Considering the entries that follow, report how many lines include the string "dots", giving the number alone.
--- Provided records ---
lemma measure_PA_all:
  assumes "S \<subseteq> {0..<K}" "\<And>i. i \<in> S \<Longrightarrow> 0 \<le> \<alpha> i \<and> \<alpha> i \<le> 1"
  shows "measure_pmf.prob (PA K \<alpha>) {A. \<forall>z\<in>S. A z} = (\<Prod>z\<in>S. \<alpha> z)"
proof -
  define B where "B = (\<lambda>z. if z \<in> S then {True} else (UNIV :: bool set))"
  have "{A. \<forall>z\<in>S. A z} = Pi {0..<K} B"
    using assms(1) by (auto simp: B_def Pi_def)
  then have "measure_pmf.prob (PA K \<alpha>) {A. \<forall>z\<in>S. A z} =
      (\<Prod>z\<in>{0..<K}. measure_pmf.prob (bernoulli_pmf (\<alpha> z)) (B z))"
    unfolding PA_def by (simp add: measure_Pi_pmf_Pi)
  also have "\<dots> = (\<Prod>z\<in>{0..<K}. if z \<in> S then \<alpha> z else 1)"
    using assms(2) by (intro prod.cong) (auto simp: B_def measure_pmf_single)
  also have "\<dots> = (\<Prod>z\<in>S. \<alpha> z)"
  proof -
    have "{0..<K} \<inter> {z. z \<in> S} = S" using assms(1) by blast
    then show ?thesis by (simp add: prod.If_cases)
  qed
  finally show ?thesis .
qed

definition incr_prob :: "nat \<Rightarrow> (nat \<Rightarrow> real) \<Rightarrow> (nat list \<Rightarrow> nat \<Rightarrow> bool) pmf \<Rightarrow> nat \<Rightarrow> nat list
    \<Rightarrow> nat \<Rightarrow> nat \<Rightarrow> int \<Rightarrow> real" where
  "incr_prob K \<alpha> PX h R i j v = measure_pmf.prob (env K \<alpha> PX) {AX. step_incr K h R AX i j = v}"

lemma incr_prob_nonneg: "0 \<le> incr_prob K \<alpha> PX h R i j v"
  by (simp add: incr_prob_def)

lemma incr_prob_flip:
  assumes "i \<noteq> j"
  shows "incr_prob K \<alpha> PX h R j i v = incr_prob K \<alpha> PX h R i j (- v)"
proof -
  have "{AX. step_incr K h R AX j i = v} = {AX. step_incr K h R AX i j = - v}"
    using step_incr_flip[OF assms] by auto
  then show ?thesis by (simp add: incr_prob_def)
qed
---
■ Task answer
2